● WORK INSTRUCTION
Copy out, from the data below, each line in which the word "with" occurs.

------ INFORMATION SHOWN

(* Let $V$ be a vector space over a field $\mathbb K$ and $Mag(V)$ the free unital magmatic algebra on $V$. There is a unique linear map $\Delta:Mag(V)\to Mag(V)\otimes Mag(V)$ such that $\Delta(1)=1\otimes1$, $\Delta(v)=v\otimes1+1\otimes v$ for all $v\in V$, and $\Delta(x\cdot y)=\Delta(x)\cdot(1\otimes y)+(x\otimes1)\cdot\Delta(y)-x\otimes y$ for all $x,y\in Mag(V)$; this $\Delta$ is coassociative, and with it (and the counit given by projection onto $\mathbb K1$) $Mag(V)$ is an $As^c$-$Mag$-bialgebra.
   Context: $Mag(V)=\bigoplus_{n\ge0}\mathbb K[Y_{n-1}]\otimes V^{\otimes n}$, where $Y_{n-1}$ is the set of planar binary rooted trees with $n$ leaves and the $n=0$ summand is $\mathbb K1$; the product is $(t;v_1\dots v_p)\cdot(s;v_{p+1}\dots v_{p+q})=(t\vee s;v_1\dots v_{p+q})$, $t\vee s$ being the grafting of $t$ and $s$ on a new root, with unit $1$; $V$ is identified with the summand for the one-leaf tree. The product on $Mag(V)\otimes Mag(V)$ is $(x\otimes y)\cdot(x'\otimes y')=(x\cdot x')\otimes(y\cdot y')$. An $As^c$-$Mag$-bialgebra is a vector space with a unital (not necessarily associative) product $\cdot$ and a coassociative counital coproduct $\Delta$ with $\Delta(1)=1\otimes1$ satisfying the displayed compatibility relation. *)

theory Defs
  imports "HOL-Library.Poly_Mapping"
begin

(* A vector space V over a field 'k is represented through a basis
  indexed by the type 'b, i.e. V = ('b \<Rightarrow>\<^sub>0 'k) sits inside Mag(V) as the span of the
  one-leaf trees. Mag(V) = \<Oplus>_n K[Y_{n-1}] \<otimes> V^{\<otimes>n} then has as basis the planar binary
  rooted trees with leaves labelled by basis elements, together with the unit 1
  (encoded as None). Tensor products of free modules are free on the product of bases. *)

datatype 'b ltree = Leaf 'b | Node "'b ltree" "'b ltree"

type_synonym 'b mbasis = "'b ltree option"

type_synonym ('b, 'k) mag = "'b mbasis \<Rightarrow>\<^sub>0 'k"
type_synonym ('b, 'k) mag2 = "('b mbasis \<times> 'b mbasis) \<Rightarrow>\<^sub>0 'k"
type_synonym ('b, 'k) mag3 = "('b mbasis \<times> 'b mbasis \<times> 'b mbasis) \<Rightarrow>\<^sub>0 'k"

fun bmul :: "'b mbasis \<Rightarrow> 'b mbasis \<Rightarrow> 'b mbasis" where
  "bmul None y = y"
| "bmul x None = x"
| "bmul (Some t) (Some s) = Some (Node t s)"

definition scal :: "'k::field \<Rightarrow> ('a \<Rightarrow>\<^sub>0 'k) \<Rightarrow> ('a \<Rightarrow>\<^sub>0 'k)" where
  "scal c x = Poly_Mapping.map (\<lambda>a. c * a) x"

definition mag_mult :: "('b, 'k::field) mag \<Rightarrow> ('b, 'k) mag \<Rightarrow> ('b, 'k) mag" where
  "mag_mult x y = (\<Sum>a\<in>Poly_Mapping.keys x. \<Sum>b\<in>Poly_Mapping.keys y.
      Poly_Mapping.single (bmul a b) (Poly_Mapping.lookup x a * Poly_Mapping.lookup y b))"

definition mag_one :: "('b, 'k::field) mag" where
  "mag_one = Poly_Mapping.single None 1"

definition inV :: "('b, 'k::field) mag \<Rightarrow> bool" where
  "inV v \<longleftrightarrow> Poly_Mapping.keys v \<subseteq> Some ` Leaf ` UNIV"

definition tens :: "('b, 'k::field) mag \<Rightarrow> ('b, 'k) mag \<Rightarrow> ('b, 'k) mag2" where
  "tens x y = (\<Sum>a\<in>Poly_Mapping.keys x. \<Sum>b\<in>Poly_Mapping.keys y.
      Poly_Mapping.single (a, b) (Poly_Mapping.lookup x a * Poly_Mapping.lookup y b))"

definition mag2_mult :: "('b, 'k::field) mag2 \<Rightarrow> ('b, 'k) mag2 \<Rightarrow> ('b, 'k) mag2" where
  "mag2_mult S T = (\<Sum>p\<in>Poly_Mapping.keys S. \<Sum>q\<in>Poly_Mapping.keys T.
      Poly_Mapping.single (bmul (fst p) (fst q), bmul (snd p) (snd q))
        (Poly_Mapping.lookup S p * Poly_Mapping.lookup T q))"

definition is_linear :: "(('a \<Rightarrow>\<^sub>0 'k::field) \<Rightarrow> ('c \<Rightarrow>\<^sub>0 'k)) \<Rightarrow> bool" where
  "is_linear f \<longleftrightarrow> (\<forall>x y. f (x + y) = f x + f y) \<and> (\<forall>c x. f (scal c x) = scal c (f x))"

(* (\<Delta> \<otimes> id) and (id \<otimes> \<Delta>) applied to an element of Mag(V)\<otimes>Mag(V), both
  landing in Mag(V)^{\<otimes>3} (identified via the canonical associativity isomorphism). *)
definition tens_left :: "(('b, 'k::field) mag \<Rightarrow> ('b, 'k) mag2) \<Rightarrow> ('b, 'k) mag2 \<Rightarrow> ('b, 'k) mag3" where
  "tens_left D T = (\<Sum>p\<in>Poly_Mapping.keys T. \<Sum>q\<in>Poly_Mapping.keys (D (Poly_Mapping.single (fst p) 1)).
      Poly_Mapping.single (fst q, snd q, snd p)
        (Poly_Mapping.lookup T p * Poly_Mapping.lookup (D (Poly_Mapping.single (fst p) 1)) q))"

definition tens_right :: "(('b, 'k::field) mag \<Rightarrow> ('b, 'k) mag2) \<Rightarrow> ('b, 'k) mag2 \<Rightarrow> ('b, 'k) mag3" where
  "tens_right D T = (\<Sum>p\<in>Poly_Mapping.keys T. \<Sum>q\<in>Poly_Mapping.keys (D (Poly_Mapping.single (snd p) 1)).
      Poly_Mapping.single (fst p, fst q, snd q)
        (Poly_Mapping.lookup T p * Poly_Mapping.lookup (D (Poly_Mapping.single (snd p) 1)) q))"

definition counit :: "('b, 'k::field) mag \<Rightarrow> 'k" where
  "counit x = Poly_Mapping.lookup x None"

definition counit_left :: "('b, 'k::field) mag2 \<Rightarrow> ('b, 'k) mag" where
  "counit_left T = (\<Sum>p\<in>Poly_Mapping.keys T.
      scal (counit (Poly_Mapping.single (fst p) 1) * Poly_Mapping.lookup T p) (Poly_Mapping.single (snd p) 1))"

definition counit_right :: "('b, 'k::field) mag2 \<Rightarrow> ('b, 'k) mag" where
  "counit_right T = (\<Sum>p\<in>Poly_Mapping.keys T.
      scal (counit (Poly_Mapping.single (snd p) 1) * Poly_Mapping.lookup T p) (Poly_Mapping.single (fst p) 1))"

definition mag_coprod_spec :: "(('b, 'k::field) mag \<Rightarrow> ('b, 'k) mag2) \<Rightarrow> bool" where
  "mag_coprod_spec D \<longleftrightarrow>
     is_linear D \<and>
     D mag_one = tens mag_one mag_one \<and>
     (\<forall>v. inV v \<longrightarrow> D v = tens v mag_one + tens mag_one v) \<and>
     (\<forall>x y. D (mag_mult x y) =
        mag2_mult (D x) (tens mag_one y) + mag2_mult (tens x mag_one) (D y) - tens x y)"

definition asc_mag_bialgebra :: "(('b, 'k::field) mag \<Rightarrow> ('b, 'k) mag2) \<Rightarrow> bool" where
  "asc_mag_bialgebra D \<longleftrightarrow>
     (\<forall>x :: ('b, 'k) mag. mag_mult mag_one x = x \<and> mag_mult x mag_one = x) \<and>
     is_linear D \<and>
     (\<forall>x. tens_left D (D x) = tens_right D (D x)) \<and>
     (\<forall>x y :: ('b, 'k) mag. counit (x + y) = counit x + counit y) \<and>
     (\<forall>c (x :: ('b, 'k) mag). counit (scal c x) = c * counit x) \<and>
     (\<forall>x. counit_left (D x) = x \<and> counit_right (D x) = x) \<and>
     D mag_one = tens mag_one mag_one \<and>
     (\<forall>x y. D (mag_mult x y) =
        mag2_mult (D x) (tens mag_one y) + mag2_mult (tens x mag_one) (D y) - tens x y)"

end

theory Submission
  imports Defs
begin

(* On basis elements the conditions leave no choice: 1 and the leaves are prescribed, and
  the compatibility relation for a grafting t \<or> s expresses \<Delta>(t \<or> s) through \<Delta>(t) and \<Delta>(s).
  This recursion on trees defines \<Delta> on the basis; both sides of the compatibility relation
  are bilinear, so its linear extension satisfies the relation everywhere, and any linear
  solution agrees with it on the basis.
  Coassociativity is proved by induction on trees. Applying \<Delta> \<otimes> id and id \<otimes> \<Delta> to the
  recursion for \<Delta>(t \<or> s) and using the induction hypotheses, both sides consist of the same
  terms except for one cross term each, \<Sum> t' \<otimes> t'' s' \<otimes> s'' over \<Delta>(t) = \<Sum> t' \<otimes> t'' and
  \<Delta>(s) = \<Sum> s' \<otimes> s'', which are equal by exchanging the two sums.
  For the counit, \<epsilon> \<otimes> id kills every term of \<Delta>(t \<or> s) except those of \<Delta>(t)(1 \<otimes> s). *)

lemma lookup_scal [simp]: "Poly_Mapping.lookup (scal c x) a = c * Poly_Mapping.lookup x a"
  by (simp add: scal_def map.rep_eq when_def)

lemma scal_add_right: "scal c (x + y) = scal c x + scal c y"
  by (rule poly_mapping_eqI) (simp add: lookup_add algebra_simps)

lemma scal_add_left: "scal (c + d) x = scal c x + scal d x"
  by (rule poly_mapping_eqI) (simp add: lookup_add algebra_simps)

lemma scal_diff_right: "scal c (x - y) = scal c x - scal c y"
  by (rule poly_mapping_eqI) (simp add: lookup_minus algebra_simps)

lemma scal_zero_right [simp]: "scal c 0 = 0"
  by (rule poly_mapping_eqI) simp

lemma scal_zero_left [simp]: "scal 0 x = 0"
  by (rule poly_mapping_eqI) simp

------------

● WRITTEN RESPONSE
(* Let $V$ be a vector space over a field $\mathbb K$ and $Mag(V)$ the free unital magmatic algebra on $V$. There is a unique linear map $\Delta:Mag(V)\to Mag(V)\otimes Mag(V)$ such that $\Delta(1)=1\otimes1$, $\Delta(v)=v\otimes1+1\otimes v$ for all $v\in V$, and $\Delta(x\cdot y)=\Delta(x)\cdot(1\otimes y)+(x\otimes1)\cdot\Delta(y)-x\otimes y$ for all $x,y\in Mag(V)$; this $\Delta$ is coassociative, and with it (and the counit given by projection onto $\mathbb K1$) $Mag(V)$ is an $As^c$-$Mag$-bialgebra.
   Context: $Mag(V)=\bigoplus_{n\ge0}\mathbb K[Y_{n-1}]\otimes V^{\otimes n}$, where $Y_{n-1}$ is the set of planar binary rooted trees with $n$ leaves and the $n=0$ summand is $\mathbb K1$; the product is $(t;v_1\dots v_p)\cdot(s;v_{p+1}\dots v_{p+q})=(t\vee s;v_1\dots v_{p+q})$, $t\vee s$ being the grafting of $t$ and $s$ on a new root, with unit $1$; $V$ is identified with the summand for the one-leaf tree. The product on $Mag(V)\otimes Mag(V)$ is $(x\otimes y)\cdot(x'\otimes y')=(x\cdot x')\otimes(y\cdot y')$. An $As^c$-$Mag$-bialgebra is a vector space with a unital (not necessarily associative) product $\cdot$ and a coassociative counital coproduct $\Delta$ with $\Delta(1)=1\otimes1$ satisfying the displayed compatibility relation. *)
  rooted trees with leaves labelled by basis elements, together with the unit 1
  solution agrees with it on the basis.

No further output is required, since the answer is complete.